_Problem description:_ Please return each record exactly as it stands.

Collection entries:
════════════════
definition wnorm :: "(real \<Rightarrow> complex) \<Rightarrow> real" where
  "wnorm f = sqrt (LINT x|lborel. (cmod (f x))\<^sup>2 * exp (- x\<^sup>2))"

definition varS :: "(real \<Rightarrow> complex) \<Rightarrow> real" where
  "varS f = (LINT x|lborel. x\<^sup>2 * (cmod (f x))\<^sup>2 * exp (- x\<^sup>2))"

definition PiH :: "nat \<Rightarrow> (real \<Rightarrow> complex) set" where
  "PiH n = {P. \<exists>c :: nat \<Rightarrow> complex. P = (\<lambda>x. \<Sum>l\<le>n. c l * complex_of_real (herm_h l x))}"

definition PiH_from :: "nat \<Rightarrow> nat \<Rightarrow> (real \<Rightarrow> complex) set" where
  "PiH_from m n = {P. \<exists>c :: nat \<Rightarrow> complex. P = (\<lambda>x. \<Sum>l=m..n. c l * complex_of_real (herm_h l x))}"

definition SH :: "nat \<Rightarrow> (real \<Rightarrow> complex) set" where
  "SH n = {P \<in> PiH n. wnorm P = 1}"

definition SH_from :: "nat \<Rightarrow> nat \<Rightarrow> (real \<Rightarrow> complex) set" where
  "SH_from m n = {P \<in> PiH_from m n. wnorm P = 1}"

definition lag_a :: "real \<Rightarrow> nat \<Rightarrow> real" where
  "lag_a \<alpha> l = 2 * real l + \<alpha> + 1"

definition lag_b :: "real \<Rightarrow> nat \<Rightarrow> real" where
  "lag_b \<alpha> l = sqrt (real l * (real l + \<alpha>))"

text \<open>Orthonormal Laguerre polynomials p^{(alpha)}_l in L^2([0,inf), x^alpha e^{-x}) with positive
  leading coefficient, via the three-term recurrence (p_{-1} = 0, p_0 = Gamma(alpha+1)^{-1/2}).\<close>
fun lag_p :: "real \<Rightarrow> nat \<Rightarrow> real \<Rightarrow> real" where
  "lag_p \<alpha> 0 x = 1 / sqrt (Gamma (\<alpha> + 1))"
| "lag_p \<alpha> (Suc 0) x = (x - lag_a \<alpha> 0) * lag_p \<alpha> 0 x / lag_b \<alpha> 1"
| "lag_p \<alpha> (Suc (Suc l)) x =
     ((x - lag_a \<alpha> (Suc l)) * lag_p \<alpha> (Suc l) x - lag_b \<alpha> (Suc l) * lag_p \<alpha> l x)
       / lag_b \<alpha> (Suc (Suc l))"

fun lag_assoc :: "real \<Rightarrow> nat \<Rightarrow> nat \<Rightarrow> real \<Rightarrow> real" where
  "lag_assoc \<alpha> M 0 x = 1"
| "lag_assoc \<alpha> M (Suc 0) x = (x - lag_a \<alpha> M) / lag_b \<alpha> (M + 1)"
| "lag_assoc \<alpha> M (Suc (Suc l)) x =
     ((x - lag_a \<alpha> (M + Suc l)) * lag_assoc \<alpha> M (Suc l) x
        - lag_b \<alpha> (M + Suc l) * lag_assoc \<alpha> M l x) / lag_b \<alpha> (M + Suc l + 1)"

definition smallest_zero :: "(real \<Rightarrow> real) \<Rightarrow> real" where
  "smallest_zero f = Min {x. f x = 0}"

definition lam_n :: "nat \<Rightarrow> real" where
  "lam_n n = smallest_zero (lag_p (-1/2) (n div 2 + 1))"

definition lam_mn :: "nat \<Rightarrow> nat \<Rightarrow> real" where
  "lam_mn m n = smallest_zero (lag_assoc (-1/2) (m div 2) ((n - m) div 2 + 1))"

definition Hcal :: "nat \<Rightarrow> real \<Rightarrow> complex" where
  "Hcal n x = complex_of_real (\<Sum>l\<le>n div 2. lag_p (-1/2) l (lam_n n) * herm_h (2 * l) x)"

definition Hcal_from :: "nat \<Rightarrow> nat \<Rightarrow> real \<Rightarrow> complex" where
  "Hcal_from m n x = complex_of_real
     (\<Sum>l=m div 2..n div 2. lag_assoc (-1/2) (m div 2) (l - m div 2) (lam_mn m n) * herm_h (2 * l) x)"

end

theory Submission
  imports Defs "HOL-Probability.Distributions" "HOL-Real_Asymp.Real_Asymp"
begin

text \<open>
  Write \<open>P = \<Sum> c\<^sub>l h\<^sub>l\<close>. The three-term recurrence of the Hermite functions makes
  \<open>var\<^sub>S(P) = \<parallel>x P\<parallel>\<^sup>2\<close> a quadratic form in the coefficients that splits into a part in the even
  coefficients \<open>u\<^sub>k = c\<^sub>2\<^sub>k\<close> and a part in the odd ones \<open>v\<^sub>k = c\<^sub>2\<^sub>k\<^sub>+\<^sub>1\<close>. The even part is the
  quadratic form of the Jacobi matrix of the Laguerre polynomials \<open>p\<^sup>(\<^sup>-\<^sup>1\<^sup>/\<^sup>2\<^sup>)\<close> (as \<open>h\<^sub>2\<^sub>k(x)\<close>
  is a multiple of \<open>p\<^sup>(\<^sup>-\<^sup>1\<^sup>/\<^sup>2\<^sup>)\<^sub>k(x\<^sup>2)\<close>), truncated to the indices \<open>m/2, \<dots>, n/2\<close>. The associated
  polynomials evaluated at the smallest zero \<open>\<lambda>\<close> of \<open>p\<^sub>(\<^sub>n\<^sub>-\<^sub>m\<^sub>)\<^sub>/\<^sub>2\<^sub>+\<^sub>1(x, m/2)\<close> give an
  eigenvector \<open>w\<close> whose entries alternate in sign, by interlacing of the zeros. Substituting
  \<open>u = w y\<close> and summing by parts writes the even part as \<open>\<lambda> \<parallel>u\<parallel>\<^sup>2\<close> plus a nonnegative sum of
  \<open>|y\<^sub>k - y\<^sub>k\<^sub>+\<^sub>1|\<^sup>2\<close>, which yields the bound and forces \<open>u\<close> to be a multiple of \<open>w\<close> in the
  equality case. The odd part dominates the even form up to a telescoping sum, so odd coefficients
  only increase the variance. Part (1) is the case \<open>m = 0\<close>, where \<open>p\<^sup>(\<^sup>-\<^sup>1\<^sup>/\<^sup>2\<^sup>)\<^sub>l\<close> is a constant
  multiple of \<open>p\<^sub>l(x, 0)\<close>.
\<close>


section \<open>Orthonormality of the Hermite polynomials\<close>

fun hermite_poly :: "nat \<Rightarrow> real poly" where
  "hermite_poly 0 = 1"
| "hermite_poly (Suc 0) = [:0, 2:]"
| "hermite_poly (Suc (Suc l)) = [:0, 2:] * hermite_poly (Suc l) - smult (2 * real (Suc l)) (hermite_poly l)"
════════════════
_Response to the exercise:_
definition wnorm :: "(real \<Rightarrow> complex) \<Rightarrow> real" where
  "wnorm f = sqrt (LINT x|lborel. (cmod (f x))\<^sup>2 * exp (- x\<^sup>2))"

definition varS :: "(real \<Rightarrow> complex) \<Rightarrow> real" where
  "varS f = (LINT x|lborel. x\<^sup>2 * (cmod (f x))\<^sup>2 * exp (- x\<^sup>2))"

definition PiH :: "nat \<Rightarrow> (real \<Rightarrow> complex) set" where
  "PiH n = {P. \<exists>c :: nat \<Rightarrow> complex. P = (\<lambda>x. \<Sum>l\<le>n. c l * complex_of_real (herm_h l x))}"

definition PiH_from :: "nat \<Rightarrow> nat \<Rightarrow> (real \<Rightarrow> complex) set" where
  "PiH_from m n = {P. \<exists>c :: nat \<Rightarrow> complex. P = (\<lambda>x. \<Sum>l=m..n. c l * complex_of_real (herm_h l x))}"

definition SH :: "nat \<Rightarrow> (real \<Rightarrow> complex) set" where
  "SH n = {P \<in> PiH n. wnorm P = 1}"

definition SH_from :: "nat \<Rightarrow> nat \<Rightarrow> (real \<Rightarrow> complex) set" where
  "SH_from m n = {P \<in> PiH_from m n. wnorm P = 1}"

definition lag_a :: "real \<Rightarrow> nat \<Rightarrow> real" where
  "lag_a \<alpha> l = 2 * real l + \<alpha> + 1"

definition lag_b :: "real \<Rightarrow> nat \<Rightarrow> real" where
  "lag_b \<alpha> l = sqrt (real l * (real l + \<alpha>))"

text \<open>Orthonormal Laguerre polynomials p^{(alpha)}_l in L^2([0,inf), x^alpha e^{-x}) with positive
  leading coefficient, via the three-term recurrence (p_{-1} = 0, p_0 = Gamma(alpha+1)^{-1/2}).\<close>
fun lag_p :: "real \<Rightarrow> nat \<Rightarrow> real \<Rightarrow> real" where
  "lag_p \<alpha> 0 x = 1 / sqrt (Gamma (\<alpha> + 1))"
| "lag_p \<alpha> (Suc 0) x = (x - lag_a \<alpha> 0) * lag_p \<alpha> 0 x / lag_b \<alpha> 1"
| "lag_p \<alpha> (Suc (Suc l)) x =
     ((x - lag_a \<alpha> (Suc l)) * lag_p \<alpha> (Suc l) x - lag_b \<alpha> (Suc l) * lag_p \<alpha> l x)
       / lag_b \<alpha> (Suc (Suc l))"

fun lag_assoc :: "real \<Rightarrow> nat \<Rightarrow> nat \<Rightarrow> real \<Rightarrow> real" where
  "lag_assoc \<alpha> M 0 x = 1"
| "lag_assoc \<alpha> M (Suc 0) x = (x - lag_a \<alpha> M) / lag_b \<alpha> (M + 1)"
| "lag_assoc \<alpha> M (Suc (Suc l)) x =
     ((x - lag_a \<alpha> (M + Suc l)) * lag_assoc \<alpha> M (Suc l) x
        - lag_b \<alpha> (M + Suc l) * lag_assoc \<alpha> M l x) / lag_b \<alpha> (M + Suc l + 1)"

definition smallest_zero :: "(real \<Rightarrow> real) \<Rightarrow> real" where
  "smallest_zero f = Min {x. f x = 0}"

definition lam_n :: "nat \<Rightarrow> real" where
  "lam_n n = smallest_zero (lag_p (-1/2) (n div 2 + 1))"

definition lam_mn :: "nat \<Rightarrow> nat \<Rightarrow> real" where
  "lam_mn m n = smallest_zero (lag_assoc (-1/2) (m div 2) ((n - m) div 2 + 1))"

definition Hcal :: "nat \<Rightarrow> real \<Rightarrow> complex" where
  "Hcal n x = complex_of_real (\<Sum>l\<le>n div 2. lag_p (-1/2) l (lam_n n) * herm_h (2 * l) x)"

definition Hcal_from :: "nat \<Rightarrow> nat \<Rightarrow> real \<Rightarrow> complex" where
  "Hcal_from m n x = complex_of_real
     (\<Sum>l=m div 2..n div 2. lag_assoc (-1/2) (m div 2) (l - m div 2) (lam_mn m n) * herm_h (2 * l) x)"

end

theory Submission
  imports Defs "HOL-Probability.Distributions" "HOL-Real_Asymp.Real_Asymp"
begin

text \<open>
  Write \<open>P = \<Sum> c\<^sub>l h\<^sub>l\<close>. The three-term recurrence of the Hermite functions makes
  \<open>var\<^sub>S(P) = \<parallel>x P\<parallel>\<^sup>2\<close> a quadratic form in the coefficients that splits into a part in the even
  coefficients \<open>u\<^sub>k = c\<^sub>2\<^sub>k\<close> and a part in the odd ones \<open>v\<^sub>k = c\<^sub>2\<^sub>k\<^sub>+\<^sub>1\<close>. The even part is the
  quadratic form of the Jacobi matrix of the Laguerre polynomials \<open>p\<^sup>(\<^sup>-\<^sup>1\<^sup>/\<^sup>2\<^sup>)\<close> (as \<open>h\<^sub>2\<^sub>k(x)\<close>
  is a multiple of \<open>p\<^sup>(\<^sup>-\<^sup>1\<^sup>/\<^sup>2\<^sup>)\<^sub>k(x\<^sup>2)\<close>), truncated to the indices \<open>m/2, \<dots>, n/2\<close>. The associated
  polynomials evaluated at the smallest zero \<open>\<lambda>\<close> of \<open>p\<^sub>(\<^sub>n\<^sub>-\<^sub>m\<^sub>)\<^sub>/\<^sub>2\<^sub>+\<^sub>1(x, m/2)\<close> give an
  eigenvector \<open>w\<close> whose entries alternate in sign, by interlacing of the zeros. Substituting
  \<open>u = w y\<close> and summing by parts writes the even part as \<open>\<lambda> \<parallel>u\<parallel>\<^sup>2\<close> plus a nonnegative sum of
  \<open>|y\<^sub>k - y\<^sub>k\<^sub>+\<^sub>1|\<^sup>2\<close>, which yields the bound and forces \<open>u\<close> to be a multiple of \<open>w\<close> in the
  equality case. The odd part dominates the even form up to a telescoping sum, so odd coefficients
  only increase the variance. Part (1) is the case \<open>m = 0\<close>, where \<open>p\<^sup>(\<^sup>-\<^sup>1\<^sup>/\<^sup>2\<^sup>)\<^sub>l\<close> is a constant
  multiple of \<open>p\<^sub>l(x, 0)\<close>.
\<close>


section \<open>Orthonormality of the Hermite polynomials\<close>

fun hermite_poly :: "nat \<Rightarrow> real poly" where
  "hermite_poly 0 = 1"
| "hermite_poly (Suc 0) = [:0, 2:]"
| "hermite_poly (Suc (Suc l)) = [:0, 2:] * hermite_poly (Suc l) - smult (2 * real (Suc l)) (hermite_poly l)"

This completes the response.